Off versus on, stated carefully

Here's the asymmetry that worries me. With strict_provenance off, a workable option exists — the fat make() — that keeps a clean, durable domain model and keeps DataJoint orchestration. Its only casualty is provenance, which the framework wasn't guaranteeing anyway. With it on, that option is gone, and there's no remaining option that records the file→entity relationship truthfully — as "how it arrived," rather than as a fabricated (and non-durable) dependency in the FK graph — while keeping orchestration. So turning strict mode on doesn't just close a loophole; for this class of pipeline it takes away the one option whose only cost was something already soft, and leaves you choosing between corrupting the durable model (A) or giving up the framework's orchestration (B).

What this actually points to — two things worth building

I don't think the takeaway is "don't ship strict mode." I think it's that strict mode is the feature that makes two follow-on capabilities necessary — it's the alarm, and these are the fire exits:

Provenance-first schema evolution. The reason both patterns are so painful to fix is that the remediation is always "restructure your schema," and we have no tooling for that — so people fall back on drop-and-repopulate, which destroys history. A proper schema-evolution tool would use the trinity's own primitives — trace to find what's upstream of a change, cascade to find what it invalidates — to change dependency structure and recompute safely. It's not alembic; it's evolution that manages the invalidation cascade. And it's built from exactly what this PR ships, which is what makes it a natural next step rather than a detour.
A first-class notion of where data came from, kept separate from the FK graph. Everything above keeps circling one gap: DataJoint has one graph, and it uses it for both "what is derived from what" (durable, invariant) and, when forced, "how this row arrived" (transient, operational). Those need to be different things. Ingestion lineage should be recorded — append-only, allowing many sources over time — so a Session can carry a "came from file X" record today and an "came from API Y" record later, with no schema change at all. The FK graph structurally can't do that, and forcing it to (option A) is exactly what corrupts the model.

Neither of these is a 2.3 concern, and I'm not suggesting they gate this release. But I'd love for us to decide the sequencing deliberately, so we're not shipping the alarm well ahead of the exits. Happy to write these up properly as their own proposals if that's useful.

ttngu207

I did a close read of the enforcement path and want to flag three correctness issues before this ships, so I'm requesting changes. To be clear up front: the scaffolding is right — the ContextVar push/pop with token reset, the exception-path cleanup, transaction rollback, Part detection via __dict__ (nicely avoiding the _JobsDescriptor), and the flag-off no-op are all correct. The problems are in the two gate functions themselves. None of this is about the broader strict-mode design conversation; it's purely implementation correctness.

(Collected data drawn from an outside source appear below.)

text \<open>x is an ancestor of y (every node is its own ancestor).\<close>
definition anc :: "('a \<Rightarrow> 'a) \<Rightarrow> 'a \<Rightarrow> 'a \<Rightarrow> bool" where
  "anc parent x y \<longleftrightarrow> (\<exists>k. (parent ^^ k) y = x)"

definition is_lca :: "('a \<Rightarrow> 'a) \<Rightarrow> 'a \<Rightarrow> 'a \<Rightarrow> 'a \<Rightarrow> bool" where
  "is_lca parent s a b \<longleftrightarrow> anc parent s a \<and> anc parent s b \<and>
     (\<forall>c. anc parent c a \<and> anc parent c b \<longrightarrow> anc parent c s)"

definition tree_path :: "'a set \<Rightarrow> ('a \<Rightarrow> 'a) \<Rightarrow> 'a \<Rightarrow> 'a \<Rightarrow> 'a set" where
  "tree_path V parent a b = {x \<in> V. (anc parent x a \<or> anc parent x b) \<and>
     (\<forall>c. anc parent c a \<and> anc parent c b \<longrightarrow> anc parent c x)}"

definition maps_identify_unique :: "'a set \<Rightarrow> ('a \<Rightarrow> 'a) \<Rightarrow> 'a set \<Rightarrow> ('a \<Rightarrow> 'a) \<Rightarrow> ('a \<Rightarrow> 'a) \<Rightarrow> bool" where
  "maps_identify_unique V parent S \<pi> \<sigma> \<longleftrightarrow>
     inj_on \<pi> S \<and> inj_on \<sigma> S \<and>
     \<pi> ` S \<subseteq> leaves V parent \<and> \<sigma> ` S \<subseteq> leaves V parent \<and>
     (\<forall>s\<in>S. is_lca parent s (\<pi> s) (\<sigma> s)) \<and>
     (\<forall>x s1 s2. s1 \<in> S \<and> s2 \<in> S \<and> x \<in> tree_path V parent (\<pi> s1) (\<sigma> s1) \<and>
        x \<in> tree_path V parent (\<pi> s2) (\<sigma> s2) \<longrightarrow> s1 = s2)"

definition pair_identifies :: "'a set \<Rightarrow> ('a \<Rightarrow> 'a) \<Rightarrow> 'a set \<Rightarrow> 'a set \<Rightarrow> 'a set \<Rightarrow> bool" where
  "pair_identifies V parent A B S \<longleftrightarrow>
     (\<exists>\<pi> \<sigma>. maps_identify_unique V parent S \<pi> \<sigma> \<and> \<pi> ` S = A \<and> \<sigma> ` S = B)"

end

theory Submission
  imports Defs
begin

text \<open>Let \<open>(\<pi>, \<sigma>)\<close> identify \<open>S\<close> with unique request, \<open>\<pi> ` S = A\<close> and \<open>\<sigma> ` S = B\<close>, and fix a node \<open>c\<close>.
  Every \<open>s \<in> S\<close> below \<open>c\<close> puts one leaf of \<open>A\<close> and one of \<open>B\<close> below \<open>c\<close>. An \<open>s\<close> not below \<open>c\<close>
  puts a leaf below \<open>c\<close> only if its path passes through \<open>c\<close>, and by unique request at most one
  such \<open>s\<close> exists. So the subtree of \<open>c\<close> contains more leaves of \<open>A\<close> than of \<open>B\<close> iff some \<open>s\<close>
  above \<open>c\<close> has \<open>\<pi> s\<close> below \<open>c\<close>. Consequently \<open>v \<in> S\<close> iff \<open>v\<close> has one child whose subtree
  contains more leaves of \<open>A\<close> than of \<open>B\<close> and another child for which the opposite holds, which
  is a condition on \<open>(A, B)\<close> alone.\<close>

lemma funpow_fixpoint: "f x = x \<Longrightarrow> (f ^^ n) x = x"
  by (induction n) auto

lemma anc_refl: "anc p x x"
  unfolding anc_def by (rule exI[of _ 0]) simp

lemma anc_parent: "anc p (p x) x"
  unfolding anc_def by (rule exI[of _ 1]) simp

lemma anc_trans: "anc p x y \<Longrightarrow> anc p y z \<Longrightarrow> anc p x z"
  unfolding anc_def by (metis comp_apply funpow_add)

lemma anc_linear:
  assumes "anc p x z" "anc p y z"
  shows "anc p x y \<or> anc p y x"
proof -
  obtain i j where i: "(p ^^ i) z = x" and j: "(p ^^ j) z = y"
    using assms unfolding anc_def by blast
  show ?thesis
  proof (cases "i \<le> j")
    case True
    then have "(p ^^ (j - i)) x = y"
      using i j by (metis comp_apply funpow_add le_add_diff_inverse2)
    then show ?thesis unfolding anc_def by blast
  next
    case False
    then have "(p ^^ (i - j)) y = x"
      using i j by (metis comp_apply funpow_add le_add_diff_inverse2 nat_le_linear)
    then show ?thesis unfolding anc_def by blast
  qed
qed

lemma anc_of_parent: "anc p x y \<Longrightarrow> x \<noteq> y \<Longrightarrow> anc p x (p y)"
  unfolding anc_def by (metis funpow_0 funpow_Suc_right comp_apply not0_implies_Suc)

lemma child_on_anc_path:
  "anc p x y \<Longrightarrow> x \<noteq> y \<Longrightarrow> \<exists>c. p c = x \<and> c \<noteq> x \<and> anc p c y"
proof -
  have "(p ^^ k) y = x \<Longrightarrow> x \<noteq> y \<Longrightarrow> \<exists>c. p c = x \<and> c \<noteq> x \<and> anc p c y" for k
  proof (induction k arbitrary: x)
    case 0
    then show ?case by simp
  next
    case (Suc k)
    show ?case
    proof (cases "(p ^^ k) y = x")
      case True
      then show ?thesis using Suc by blast
    next
      case False
      then show ?thesis using Suc.prems unfolding anc_def by auto
    qed
  qed
  then show "anc p x y \<Longrightarrow> x \<noteq> y \<Longrightarrow> ?thesis" unfolding anc_def by blast
qed

lemma anc_in_tree:
  assumes "rooted_tree V r p" and "anc p x y" and "y \<in> V"
  shows "x \<in> V"
proof -
  obtain k where "(p ^^ k) y = x"
    using \<open>anc p x y\<close> unfolding anc_def by blast
  moreover have "(p ^^ k) y \<in> V"
    using assms(1,3) unfolding rooted_tree_def by (induction k) auto
  ultimately show ?thesis by simp
qed

text \<open>The root rules out cycles: iterating a cycle through \<open>y\<close> reaches \<open>r\<close>, which \<open>p\<close> fixes.\<close>
lemma anc_antisym:
  assumes tree: "rooted_tree V r p" and "y \<in> V" and "anc p x y" and "anc p y x"
  shows "x = y"
proof -
  obtain i j where i: "(p ^^ i) y = x" and j: "(p ^^ j) x = y"
    using assms(3,4) unfolding anc_def by blast
  have root_fixed: "(p ^^ k) r = r" for k
    using tree funpow_fixpoint unfolding rooted_tree_def by metis
  obtain n where n: "(p ^^ n) y = r"
    using tree \<open>y \<in> V\<close> unfolding rooted_tree_def by blast
  show ?thesis
  proof (cases "j + i = 0")
    case True
    then show ?thesis using i by simp
  next
    case False
    then have "n \<le> (j + i) * n"
      by auto
    have "(p ^^ (j + i)) y = y"
      using i j by (simp add: funpow_add)
    then have "y = ((p ^^ (j + i)) ^^ n) y"
      by (simp add: funpow_fixpoint)
    also have "\<dots> = (p ^^ (((j + i) * n - n) + n)) y"
      using \<open>n \<le> (j + i) * n\<close> by (simp add: funpow_mult)
    also have "\<dots> = (p ^^ ((j + i) * n - n)) ((p ^^ n) y)"
      by (simp add: funpow_add)
    also have "\<dots> = r"
      using n root_fixed by simp
    finally show ?thesis
      using i root_fixed by simp
  qed
qed

lemma is_lca_commute: "is_lca p s a b \<longleftrightarrow> is_lca p s b a"
  unfolding is_lca_def by blast

lemma tree_path_commute: "tree_path V p a b = tree_path V p b a"
  unfolding tree_path_def by blast

lemma tree_path_eq:
  assumes "is_lca p s a b"
  shows "tree_path V p a b = {x \<in> V. (anc p x a \<or> anc p x b) \<and> anc p s x}"
proof (intro equalityI subsetI)
  fix x
  assume "x \<in> tree_path V p a b"
  then show "x \<in> {x \<in> V. (anc p x a \<or> anc p x b) \<and> anc p s x}"
    using assms unfolding is_lca_def tree_path_def by blast
next
  fix x
  assume x: "x \<in> {x \<in> V. (anc p x a \<or> anc p x b) \<and> anc p s x}"
  have "anc p c x" if "anc p c a" and "anc p c b" for c
    using assms that anc_trans[of p c s x] x unfolding is_lca_def by blast
  then show "x \<in> tree_path V p a b"
    using x unfolding tree_path_def by blast
qed

lemma crossing_in_tree_path:
  assumes tree: "rooted_tree V r p" and lca: "is_lca p s a b" and "a \<in> V" and "b \<in> V"
    and below: "anc p c a \<or> anc p c b" and "\<not> anc p c s"
  shows "c \<in> tree_path V p a b"
proof -
  have "anc p s c"
    using below anc_linear[of p c a s] anc_linear[of p c b s] lca \<open>\<not> anc p c s\<close>
    unfolding is_lca_def by blast
  moreover have "c \<in> V"
    using below anc_in_tree[OF tree] \<open>a \<in> V\<close> \<open>b \<in> V\<close> by blast
  ultimately show ?thesis
    using below unfolding tree_path_eq[OF lca] by blast
qed

lemma parent_in_tree_path:
  assumes tree: "rooted_tree V r p" and lca: "is_lca p s a b"
    and x: "x \<in> tree_path V p a b" and "x \<noteq> s"
  shows "p x \<in> tree_path V p a b"
proof -
  have "x \<in> V" and below: "anc p x a \<or> anc p x b" and "anc p s x"
    using x unfolding tree_path_eq[OF lca] by blast+
  have "p x \<in> V"
    using anc_in_tree[OF tree anc_parent \<open>x \<in> V\<close>] .
  moreover have "anc p (p x) a \<or> anc p (p x) b"
    using below anc_trans[OF anc_parent[of p x]] by blast
  moreover have "anc p s (p x)"
    using anc_of_parent[OF \<open>anc p s x\<close>] \<open>x \<noteq> s\<close> by metis
  ultimately show ?thesis
    unfolding tree_path_eq[OF lca] by simp
qed

lemma maps_identify_uniqueD:
  assumes "maps_identify_unique V p S \<pi> \<sigma>" and "s \<in> S"
  shows "is_lca p s (\<pi> s) (\<sigma> s)" and "\<pi> s \<in> V" and "\<sigma> s \<in> V"
  using assms unfolding maps_identify_unique_def leaves_def by blast+

lemma maps_identify_unique_request:
  assumes "maps_identify_unique V p S \<pi> \<sigma>" and "s \<in> S" and "t \<in> S"
    and "x \<in> tree_path V p (\<pi> s) (\<sigma> s)" and "x \<in> tree_path V p (\<pi> t) (\<sigma> t)"
  shows "s = t"
  using assms unfolding maps_identify_unique_def by blast

lemma maps_identify_unique_swap:
  "maps_identify_unique V p S \<pi> \<sigma> \<Longrightarrow> maps_identify_unique V p S \<sigma> \<pi>"
  unfolding maps_identify_unique_def by (metis is_lca_commute tree_path_commute)

lemma card_image_inter_Collect:
  assumes "finite S" and "inj_on f S" and mono: "\<forall>s\<in>S. P s \<longrightarrow> P (f s)"
  shows "card (f ` S \<inter> Collect P) = card {s \<in> S. P s} + card {s \<in> S. \<not> P s \<and> P (f s)}"
proof -
  have "f ` S \<inter> Collect P = f ` {s \<in> S. P (f s)}" by blast
  then have "card (f ` S \<inter> Collect P) = card {s \<in> S. P (f s)}"
    using assms(2) by (simp add: card_image inj_on_subset)
  also have "{s \<in> S. P (f s)} = {s \<in> S. P s} \<union> {s \<in> S. \<not> P s \<and> P (f s)}"
    using mono by blast
  also have "card \<dots> = card {s \<in> S. P s} + card {s \<in> S. \<not> P s \<and> P (f s)}"
    using assms(1) by (intro card_Un_disjoint) auto
  finally show ?thesis .
qed

lemma card_image_inter_Collect_less_iff:
  assumes "finite S" and "inj_on f S" and "inj_on g S"
    and mono: "\<forall>s\<in>S. P s \<longrightarrow> P (f s) \<and> P (g s)"
    and one_sided: "\<forall>s\<in>S. \<forall>t\<in>S. \<not> P s \<and> P (f s) \<longrightarrow> \<not> P t \<and> P (g t) \<longrightarrow> False"
  shows "card (g ` S \<inter> Collect P) < card (f ` S \<inter> Collect P) \<longleftrightarrow> (\<exists>s\<in>S. \<not> P s \<and> P (f s))"
proof -
  define up_f where "up_f = {s \<in> S. \<not> P s \<and> P (f s)}"
  define up_g where "up_g = {s \<in> S. \<not> P s \<and> P (g s)}"
  have "card (f ` S \<inter> Collect P) = card {s \<in> S. P s} + card up_f"
    and "card (g ` S \<inter> Collect P) = card {s \<in> S. P s} + card up_g"
    unfolding up_f_def up_g_def using assms(1-3) mono by (simp_all add: card_image_inter_Collect)
  then have "card (g ` S \<inter> Collect P) < card (f ` S \<inter> Collect P) \<longleftrightarrow> card up_g < card up_f"
    by simp
  also have "\<dots> \<longleftrightarrow> up_f \<noteq> {}"
  proof
    assume "card up_g < card up_f"
    then show "up_f \<noteq> {}" by auto
  next
    assume "up_f \<noteq> {}"
    then have "up_g = {}"
      using one_sided unfolding up_f_def up_g_def by blast
    moreover have "card up_f > 0"
      using \<open>up_f \<noteq> {}\<close> \<open>finite S\<close> unfolding up_f_def by (simp add: card_gt_0_iff)
    ultimately show "card up_g < card up_f" by simp
  qed
  also have "\<dots> \<longleftrightarrow> (\<exists>s\<in>S. \<not> P s \<and> P (f s))"
    unfolding up_f_def by blast
  finally show ?thesis .
qed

1. [blocking] Write gate can silently drop all rows — data loss on compliant code

assert_write_allowed(self, rows) runs in Table.insert (table.py:804) before insert materializes rows, and when a strict context is active its non-dict branch does for row in rows. For a one-shot iterable (generator, iter(...), map(...)), that exhausts it; the post-gate consumer — _insert_rows → list(… for row in rows) at table.py:864, or the chunked iter(rows) path at :836 — then sees an empty iterator and inserts zero rows, with no error:

def make(self, key):
    self.insert(dict(**key, x=i) for i in range(n))   # strict on → inserts nothing, silently

Two precisions, because they make this a genuine blocker rather than an edge case:

It's scoped to one-shot iterables. A list/tuple of dicts is safe — it's re-iterable, so the gate walks it and insert re-walks it fine. So self.insert([...]) is unaffected; only self.insert(<generator>) breaks. But passing a generator to insert() is a documented, idiomatic pattern (the chunked-insert path is literally built around iter(rows)), so this isn't exotic input.
It strikes compliant code. The target check passes for a normal self.insert(<generator>) into the table being populated — the gate then consumes the generator anyway. So a correct, strict-compliant make() that inserts many computed rows (very common for Part tables) silently loses all of them. This isn't "you did something forbidden and got a confusing failure"; it's "you wrote correct code and it discarded your data."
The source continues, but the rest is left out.